The Nifty Midcap 100 index has risen 1.27 per cent year-to-date. In contrast, the benchmark Nifty50 has declined 8.85 per cent, while the Nifty Smallcap 100 index has gained 4.58 per cent over the same period.
 
Earlier, on May 7, the Nifty Midcap 100 index scaled a fresh record high, crossing the 62,000-mark for the first time to touch 62,094.40, surpassing its previous peak of 61,548.
 

Valuation comfort, resilient earnings aid rally

While describing midcaps as a stock-specific universe, analysts attributed the outperformance to healthy valuation normalisation in the segment over the past few quarters.  “Valuations in the Nifty Midcap 100, which had turned relatively overheated around September 2024, have undergone healthy normalisation over the past few quarters, with the correction further amplified by Iran-related geopolitical concerns. As a result, a large part of the excess froth has been absorbed, bringing valuations closer to more reasonable levels relative to earnings growth,” said Ajit Mishra, SVP-Research, Religare Broking.
 
At the same time, corporate earnings across several mid-cap segments continue to remain resilient, supported by domestic demand, capex momentum, and improving balance sheets. This, Mishra said, creates room for the broader uptrend to sustain into 2026.
 
“However, the durability of the rally will likely hinge on geopolitical stability, particularly an earlier-than-anticipated easing of the Iran situation, alongside the continuation of strong earnings delivery across the mid-cap universe,” he added.
 
Echoing similar views, Kranthi Bathini, Equity Strategist at WealthMills Securities, said the segment had earlier undergone a phase of consolidation.
 
“Typically, when headline indices underperform, mid- and small-cap stocks tend to lag as they are high-beta in nature. However, despite the broader market trend, Indian mid-caps have outperformed,” Bathini said. He added that the gains have largely been driven by stock-specific domestic growth stories.
 
“This is a highly stock-specific universe. Domestic growth stories have outperformed in India. For instance, Hitachi Energy reflects the power growth theme, while BSE is linked to the domestic financialisation story,” said Bathini.  CHECK Stock Market LIVE Updates

Hitachi Energy India, BSE lead gains

Among individual stocks, Hitachi Energy India, BSE Ltd, GE Vernova T&D India, Billionbrains Garage Ventures (Groww), and Bharat Heavy Electricals have emerged as the top gainers in the Nifty Midcap 100 universe so far in CY26.
 
Hitachi Energy India has rallied 82.30 per cent, followed by BSE at 46.35 per cent.
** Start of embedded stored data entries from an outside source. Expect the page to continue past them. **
(* Let $(X,d)$ be a finite metric space, $S\subseteq X$, $\tau\ge0$, and $L\ge 2$, and assume there exists a $1$-Lipschitz map $\varphi:X\to L_2$ satisfying $\|\varphi(x)-\varphi(y)\|_2\ge \tau/L$ for all $x,y\in S$ with $d(x,y)\in[\tau/2,3\tau]$. Then there is a $1$-Lipschitz map $h:X\to L_2$ with $$\|h(x)-h(y)\|_2\ge\frac{\tau}{9L}$$ whenever $x,y\in X$, $d(x,S)\le \frac{\tau}{6L}$, and $d(x,y)\in[\tau,2\tau]$.
   Context: $L_2$ denotes a Hilbert space; $d(x,S)=\min_{s\in S}d(x,s)$. *)

theory Defs
  imports "HOL-Analysis.Analysis"
begin

end

theory Submission
  imports Defs
begin

text \<open>Choose a unit vector \<open>e\<close> orthogonal to the finitely many vectors \<open>\<phi> x\<close>, which is possible
  in infinite dimension, and put \<open>h = 3/5 \<phi> + 4/5 d(\<cdot>, S) e\<close>. Both components of \<open>h\<close> are
  1-Lipschitz and mutually orthogonal, and \<open>(3/5)\<^sup>2 + (4/5)\<^sup>2 = 1\<close>, so \<open>h\<close> is 1-Lipschitz.
  For the lower bound let \<open>\<delta> = \<tau>/(6L)\<close>, \<open>d(x, s) \<le> \<delta>\<close> with \<open>s \<in> S\<close>, and \<open>\<tau> \<le> d(x, y) \<le> 2\<tau>\<close>.
  If some \<open>t \<in> S\<close> has \<open>d(y, t) < 2\<delta>\<close>, then \<open>d(s, t) \<in> [\<tau>/2, 3\<tau>]\<close>, so
  \<open>\<parallel>\<phi> x - \<phi> y\<parallel> \<ge> \<parallel>\<phi> s - \<phi> t\<parallel> - 3\<delta> \<ge> \<tau>/L - 3\<delta> = 3\<delta>\<close>;
  otherwise \<open>d(y, S) - d(x, S) \<ge> \<delta>\<close>. Either way \<open>\<parallel>h x - h y\<parallel> \<ge> 4\<delta>/5 \<ge> \<tau>/(9L)\<close>.\<close>

lemma orthogonal_span_decomp_exists_finite:
  fixes B :: "'a::real_inner set"
  assumes "finite B"
  obtains y z where "y \<in> span B" "\<And>w. w \<in> span B \<Longrightarrow> orthogonal z w" "x = y + z"
proof -
  have "\<exists>y z. y \<in> span B \<and> (\<forall>w\<in>span B. orthogonal z w) \<and> x = y + z" for x
    using assms
  proof (induction B arbitrary: x rule: finite_induct)
    case empty
    then show ?case by (auto simp: orthogonal_clauses)
  next
    case (insert b B)
    obtain y z where y: "y \<in> span B" and z: "\<forall>w\<in>span B. orthogonal z w" and "x = y + z"
      using insert.IH by blast
    obtain yb zb where yb: "yb \<in> span B" and zb: "\<forall>w\<in>span B. orthogonal zb w" and "b = yb + zb"
      using insert.IH by blast
    define c where "c = (z \<bullet> zb) / (zb \<bullet> zb)"
    define z' where "z' = z - c *\<^sub>R zb"
    have span_B: "span B \<subseteq> span (insert b B)"
      by (rule span_mono) blast
    have zb_span: "zb \<in> span (insert b B)"
      using \<open>b = yb + zb\<close> yb span_B by (metis add_diff_cancel_left' insertI1 span_base span_diff subsetD)
    have orth_B: "orthogonal z' w" if "w \<in> span B" for w
      using z zb that by (simp add: z'_def orthogonal_clauses)
    have "orthogonal z' zb"
      \<comment> \<open>if \<open>zb = 0\<close> then \<open>c = 0\<close>, as division by zero yields zero\<close>
      by (cases "zb = 0") (simp_all add: orthogonal_def z'_def c_def inner_diff_left)
    then have "orthogonal z' b"
      using \<open>b = yb + zb\<close> orth_B[OF yb] by (simp add: orthogonal_clauses)
    have "orthogonal z' w" if w: "w \<in> span (insert b B)" for w
    proof -
      obtain k where "w - k *\<^sub>R b \<in> span B"
        using w by (auto simp: span_insert)
      then have "orthogonal z' ((w - k *\<^sub>R b) + k *\<^sub>R b)"
        using orth_B \<open>orthogonal z' b\<close> by (intro orthogonal_clauses(2,4))
      then show ?thesis by simp
    qed
    moreover have "y + c *\<^sub>R zb \<in> span (insert b B)"
      using y zb_span span_B by (meson span_add span_scale subsetD)
    moreover have "x = (y + c *\<^sub>R zb) + z'"
      using \<open>x = y + z\<close> by (simp add: z'_def)
    ultimately show ?case by blast
  qed
  then show thesis using that by blast
qed

lemma exists_unit_orthogonal_span:
  fixes B :: "'a::real_inner set"
  assumes "finite B" and "span B \<noteq> UNIV"
  obtains e where "norm e = 1" "\<forall>w\<in>span B. orthogonal e w"
proof -
  obtain x where "x \<notin> span B"
    using assms(2) by blast
  moreover obtain y z where "y \<in> span B" "\<And>w. w \<in> span B \<Longrightarrow> orthogonal z w" "x = y + z"
    using orthogonal_span_decomp_exists_finite[OF assms(1)] by blast
  ultimately have "z \<noteq> 0"
    by auto
  show thesis
  proof (rule that)
    show "norm (z /\<^sub>R norm z) = 1"
      using \<open>z \<noteq> 0\<close> by simp
    show "\<forall>w\<in>span B. orthogonal (z /\<^sub>R norm z) w"
      using \<open>z \<noteq> 0\<close> \<open>\<And>w. w \<in> span B \<Longrightarrow> orthogonal z w\<close> by simp
  qed
qed

lemma norm_orthogonal_unit_combination:
  fixes u e :: "'a::real_inner"
  assumes "orthogonal u e" and "norm e = 1"
  shows "(norm (a *\<^sub>R u + b *\<^sub>R e))\<^sup>2 = a\<^sup>2 * (norm u)\<^sup>2 + b\<^sup>2"
  using assms by (simp add: norm_add_Pythagorean orthogonal_clauses power_mult_distrib)

lemma norm_orthogonal_unit_combination_ge:
  fixes u e :: "'a::real_inner"
  assumes "orthogonal u e" and "norm e = 1"
  shows "\<bar>a\<bar> * norm u \<le> norm (a *\<^sub>R u + (b * t) *\<^sub>R e)"
    and "\<bar>b\<bar> * \<bar>t\<bar> \<le> norm (a *\<^sub>R u + (b * t) *\<^sub>R e)"
proof -
  have "(\<bar>a\<bar> * norm u)\<^sup>2 \<le> (norm (a *\<^sub>R u + (b * t) *\<^sub>R e))\<^sup>2"
    "(\<bar>b\<bar> * \<bar>t\<bar>)\<^sup>2 \<le> (norm (a *\<^sub>R u + (b * t) *\<^sub>R e))\<^sup>2"
    by (simp_all add: norm_orthogonal_unit_combination[OF assms] power_mult_distrib)
  then show "\<bar>a\<bar> * norm u \<le> norm (a *\<^sub>R u + (b * t) *\<^sub>R e)"
    "\<bar>b\<bar> * \<bar>t\<bar> \<le> norm (a *\<^sub>R u + (b * t) *\<^sub>R e)"
    by (meson norm_ge_zero power2_le_imp_le)+
qed

lemma norm_orthogonal_unit_combination_le:
  fixes u e :: "'a::real_inner"
  assumes "orthogonal u e" and "norm e = 1"
    and "a\<^sup>2 + b\<^sup>2 \<le> 1" and "norm u \<le> D" and "\<bar>t\<bar> \<le> D"
  shows "norm (a *\<^sub>R u + (b * t) *\<^sub>R e) \<le> D"
proof -
  have "0 \<le> D"
    using assms(4) norm_ge_zero order_trans by blast
  then have "(norm u)\<^sup>2 \<le> D\<^sup>2" "t\<^sup>2 \<le> D\<^sup>2"
    using assms(4,5) abs_le_square_iff[of t D] by (simp_all add: power_mono)
  then have "a\<^sup>2 * (norm u)\<^sup>2 + b\<^sup>2 * t\<^sup>2 \<le> (a\<^sup>2 + b\<^sup>2) * D\<^sup>2"
    by (simp add: distrib_right add_mono mult_left_mono)
  also have "\<dots> \<le> D\<^sup>2"
    using assms(3) by (simp add: mult_left_le_one_le)
  finally have "(norm (a *\<^sub>R u + (b * t) *\<^sub>R e))\<^sup>2 \<le> D\<^sup>2"
    by (simp add: norm_orthogonal_unit_combination[OF assms(1,2)] power_mult_distrib)
  then show ?thesis
    using \<open>0 \<le> D\<close> by (rule power2_le_imp_le)
qed

lemma norm_diff_orthogonal_sum:
  fixes \<phi> :: "'a \<Rightarrow> 'b::real_inner" and g :: "'a \<Rightarrow> real"
  assumes h: "h = (\<lambda>z. a *\<^sub>R \<phi> z + (b * g z) *\<^sub>R e)"
    and e: "norm e = 1" "\<forall>w\<in>span (\<phi> ` X). orthogonal e w"
    and "x \<in> X" "y \<in> X"
  shows "\<bar>a\<bar> * norm (\<phi> x - \<phi> y) \<le> norm (h x - h y)" (is ?ge_\<phi>)
    and "\<bar>b\<bar> * \<bar>g x - g y\<bar> \<le> norm (h x - h y)" (is ?ge_g)
    and "a\<^sup>2 + b\<^sup>2 \<le> 1 \<Longrightarrow> norm (\<phi> x - \<phi> y) \<le> D \<Longrightarrow> \<bar>g x - g y\<bar> \<le> D \<Longrightarrow>
      norm (h x - h y) \<le> D" (is "_ \<Longrightarrow> _ \<Longrightarrow> _ \<Longrightarrow> ?le")
proof -
  have "h x - h y = a *\<^sub>R (\<phi> x - \<phi> y) + (b * (g x - g y)) *\<^sub>R e"
    by (simp add: h right_diff_distrib scaleR_diff_left scaleR_diff_right)
  moreover have "\<phi> x - \<phi> y \<in> span (\<phi> ` X)"
    using assms(4,5) by (simp add: span_base span_diff)
  then have "orthogonal (\<phi> x - \<phi> y) e"
    using e(2) orthogonal_commute by blast
  ultimately show ?ge_\<phi> ?ge_g and "a\<^sup>2 + b\<^sup>2 \<le> 1 \<Longrightarrow> norm (\<phi> x - \<phi> y) \<le> D \<Longrightarrow> \<bar>g x - g y\<bar> \<le> D \<Longrightarrow> ?le"
    using norm_orthogonal_unit_combination_ge norm_orthogonal_unit_combination_le e(1) by simp_all
qed

text \<open>For \<open>S = {}\<close> the value is the unspecified \<open>Min {}\<close>, the same constant for every \<open>x\<close>.\<close>

definition dist_to_set :: "('a \<Rightarrow> 'a \<Rightarrow> real) \<Rightarrow> 'a set \<Rightarrow> 'a \<Rightarrow> real" where
  "dist_to_set d S x = Min (d x ` S)"

lemma dist_to_set_le: "finite S \<Longrightarrow> t \<in> S \<Longrightarrow> dist_to_set d S x \<le> d x t"
  by (simp add: dist_to_set_def)

lemma dist_to_set_attained:
  assumes "finite S" and "S \<noteq> {}"
  obtains t where "t \<in> S" "dist_to_set d S x = d x t"
proof -
  have "Min (d x ` S) \<in> d x ` S"
    using assms by (intro Min_in) auto
  then show thesis
    using that unfolding dist_to_set_def by blast
qed

context Metric_space
begin

lemma dist_to_set_lipschitz:
  assumes "S \<subseteq> M" "finite S" "x \<in> M" "y \<in> M"
  shows "\<bar>dist_to_set d S x - dist_to_set d S y\<bar> \<le> d x y"
proof (cases "S = {}")
  case True
  then show ?thesis by (simp add: dist_to_set_def)
next
  case False
  have "dist_to_set d S x - dist_to_set d S y \<le> d x y" if "x \<in> M" "y \<in> M" for x y
  proof -
    obtain t where "t \<in> S" "dist_to_set d S y = d y t"
      using dist_to_set_attained[OF \<open>finite S\<close> False] .
    moreover have "d x t \<le> d x y + d y t"
      using triangle \<open>t \<in> S\<close> assms(1) that by blast
    ultimately show ?thesis
      using dist_to_set_le[OF \<open>finite S\<close>, of t d x] by linarith
  qed
  from this[of x y] this[of y x] show ?thesis
    using assms(3,4) commute[of x y] by arith
qed

lemma abs_diff_dist_le:
  assumes "x \<in> M" "y \<in> M" "s \<in> M" "t \<in> M"
  shows "\<bar>d s t - d x y\<bar> \<le> d x s + d y t"
proof -
  have "d s t \<le> d s x + d x y + d y t"
    using triangle[of s x t] triangle[of x y t] assms by simp
  moreover have "d x y \<le> d x s + d s t + d t y"
    using triangle[of x s y] triangle[of s t y] assms by simp
  ultimately show ?thesis
    using commute[of x s] commute[of t y] by arith
qed

lemma separated_or_dist_to_set_gap:
  fixes \<phi> :: "'a \<Rightarrow> 'b::real_normed_vector"
  assumes "S \<subseteq> M" "finite S" "0 \<le> \<delta>" "6 * \<delta> \<le> \<tau>"
    and lipschitz: "\<And>x y. x \<in> M \<Longrightarrow> y \<in> M \<Longrightarrow> norm (\<phi> x - \<phi> y) \<le> d x y"
    and separated: "\<And>s t. s \<in> S \<Longrightarrow> t \<in> S \<Longrightarrow> \<tau>/2 \<le> d s t \<Longrightarrow> d s t \<le> 3*\<tau> \<Longrightarrow>
      6 * \<delta> \<le> norm (\<phi> s - \<phi> t)"
    and "x \<in> M" "y \<in> M" "s \<in> S" "d x s \<le> \<delta>" "\<tau> \<le> d x y" "d x y \<le> 2*\<tau>"
  shows "3 * \<delta> \<le> norm (\<phi> x - \<phi> y) \<or> \<delta> \<le> \<bar>dist_to_set d S x - dist_to_set d S y\<bar>"
proof (cases "\<exists>t\<in>S. d y t < 2*\<delta>")
  case True
  then obtain t where "t \<in> S" "d y t < 2*\<delta>"
    by blast
  have "s \<in> M" "t \<in> M"
    using \<open>s \<in> S\<close> \<open>t \<in> S\<close> assms(1) by auto
  have "\<bar>d s t - d x y\<bar> \<le> d x s + d y t"
    using abs_diff_dist_le \<open>s \<in> M\<close> \<open>t \<in> M\<close> assms(7,8) by blast
  then have "6 * \<delta> \<le> norm (\<phi> s - \<phi> t)"
    using separated \<open>s \<in> S\<close> \<open>t \<in> S\<close> \<open>d y t < 2*\<delta>\<close> assms by force
  moreover have "\<bar>norm (\<phi> s - \<phi> t) - norm (\<phi> x - \<phi> y)\<bar> \<le> norm (\<phi> x - \<phi> s) + norm (\<phi> y - \<phi> t)"
    using Met_TC.abs_diff_dist_le[of "\<phi> x" "\<phi> y" "\<phi> s" "\<phi> t"] by (simp add: dist_norm)
  moreover have "norm (\<phi> x - \<phi> s) \<le> \<delta>" "norm (\<phi> y - \<phi> t) < 2*\<delta>"
    using lipschitz \<open>s \<in> M\<close> \<open>t \<in> M\<close> assms(7,8,10) \<open>d y t < 2*\<delta>\<close> by (meson order_trans le_less_trans)+
  ultimately show ?thesis
    by arith
next
  case False
  then have "2*\<delta> \<le> dist_to_set d S y"
    using dist_to_set_attained[OF \<open>finite S\<close>] \<open>s \<in> S\<close> by (metis empty_iff not_less)
  moreover have "dist_to_set d S x \<le> \<delta>"
    using dist_to_set_le[OF \<open>finite S\<close> \<open>s \<in> S\<close>] \<open>d x s \<le> \<delta>\<close> by (rule order_trans)
  ultimately show ?thesis
    by linarith
qed

end

theorem lemma4p2:
  fixes X S :: "'a set" and d :: "'a \<Rightarrow> 'a \<Rightarrow> real"
    and \<tau> L :: real and \<phi> :: "'a \<Rightarrow> 'b::{real_inner, complete_space}"
  assumes "Metric_space X d" and "finite X"
    and "\<not> (\<exists>B::'b set. finite B \<and> span B = UNIV)"
    and "S \<subseteq> X" and "\<tau> \<ge> 0" and "L \<ge> 2"
    and "\<forall>x\<in>X. \<forall>y\<in>X. norm (\<phi> x - \<phi> y) \<le> d x y"
    and "\<forall>x\<in>S. \<forall>y\<in>S. \<tau>/2 \<le> d x y \<and> d x y \<le> 3*\<tau> \<longrightarrow> norm (\<phi> x - \<phi> y) \<ge> \<tau>/L"
  shows "\<exists>h::'a \<Rightarrow> 'b.
           (\<forall>x\<in>X. \<forall>y\<in>X. norm (h x - h y) \<le> d x y) \<and>
           (\<forall>x\<in>X. \<forall>y\<in>X. (\<exists>s\<in>S. d x s \<le> \<tau>/(6*L)) \<and> \<tau> \<le> d x y \<and> d x y \<le> 2*\<tau>
               \<longrightarrow> norm (h x - h y) \<ge> \<tau>/(9*L))"
proof -
  interpret Metric_space X d by fact
  have "finite S"
    using assms(4,2) by (rule finite_subset)
  obtain e where e: "norm e = 1" "\<forall>w\<in>span (\<phi> ` X). orthogonal e w"
    using exists_unit_orthogonal_span[of "\<phi> ` X"] assms(2,3) by blast
  define g where "g = dist_to_set d S"
  define h where "h = (\<lambda>z. (3/5) *\<^sub>R \<phi> z + (4/5 * g z) *\<^sub>R e)"
  note h_bounds = norm_diff_orthogonal_sum[OF h_def e]
  have "norm (h x - h y) \<le> d x y" if "x \<in> X" "y \<in> X" for x y
  proof (rule h_bounds(3)[OF that])
    show "(3/5)\<^sup>2 + (4/5)\<^sup>2 \<le> (1::real)"
      by (simp add: power2_eq_square)
    show "norm (\<phi> x - \<phi> y) \<le> d x y"
      using assms(7) that by blast
    show "\<bar>g x - g y\<bar> \<le> d x y"
      unfolding g_def using assms(4) \<open>finite S\<close> that by (rule dist_to_set_lipschitz)
  qed
  moreover have "\<tau>/(9*L) \<le> norm (h x - h y)"
    if "x \<in> X" "y \<in> X" "s \<in> S" "d x s \<le> \<tau>/(6*L)" "\<tau> \<le> d x y" "d x y \<le> 2*\<tau>" for x y s
  proof -
    define \<delta> where "\<delta> = \<tau>/(6*L)"
    have \<delta>: "0 \<le> \<delta>" "6*\<delta> \<le> \<tau>" "\<tau>/L = 6*\<delta>" "\<tau>/(9*L) \<le> 4/5 * \<delta>"
      using assms(5,6) by (simp_all add: \<delta>_def field_simps mult_le_cancel_right1)
    have "3*\<delta> \<le> norm (\<phi> x - \<phi> y) \<or> \<delta> \<le> \<bar>g x - g y\<bar>"
      unfolding g_def
    proof (rule separated_or_dist_to_set_gap)
      show "6*\<delta> \<le> norm (\<phi> s - \<phi> t)"
        if "s \<in> S" "t \<in> S" "\<tau>/2 \<le> d s t" "d s t \<le> 3*\<tau>" for s t
        using assms(8) that \<delta>(3) by auto
    qed (use assms(4,7) that \<open>finite S\<close> \<delta>(1,2) in \<open>simp_all add: \<delta>_def\<close>)
    then have "4/5 * \<delta> \<le> norm (h x - h y)"
      using h_bounds(1,2)[OF that(1,2)] \<delta>(1) by (elim disjE) simp_all
    with \<delta>(4) show ?thesis
      by linarith
  qed
  ultimately show ?thesis
    by blast
qed

end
GE Vernova T&D India has advanced 45.67 per cent, Billionbrains Garage Ventures has gained 34.99 per cent, while Bharat Heavy Electricals has risen 34.27 per cent.
 
Other notable gainers include Multi Commodity Exchange of India, up 33.49 per cent, National Aluminium Company (Nalco) at 29.35 per cent, Bharat Forge at 27.43 per cent, Steel Authority of India at 26.57 per cent, and Oracle Financial Services Software at 26.12 per cent. 

Top stock picks

Analysts said investors currently prefer businesses where earnings visibility remains strong and valuations remain reasonable relative to long-term growth potential. On investment strategy, Bathini recommended a constructive approach. “Given their strong fundamentals and positive outlook, investors can look at buying on dips in a staggered manner. A staggered approach is extremely crucial,” he said.
 
Within the Nifty Midcap 100 basket, Mishra prefers REC, Power Finance Corporation, Lupin, KEC International, NCC Limited, and Crompton Greaves Consumer Electricals. “REC and PFC continue to benefit from the structural power and transmission capex cycle, while still trading at reasonable valuations despite strong earnings delivery. Lupin stands out within pharma due to improving US business traction, margin expansion, and a healthier product mix. KEC and NCC are well positioned to benefit from the ongoing infrastructure and ordering cycle, with execution momentum remaining robust,” said Mishra.
 
Among consumer-facing names, Mishra said Crompton appears attractive as demand recovery, premiumisation, and margin improvement gradually begin reflecting in earnings.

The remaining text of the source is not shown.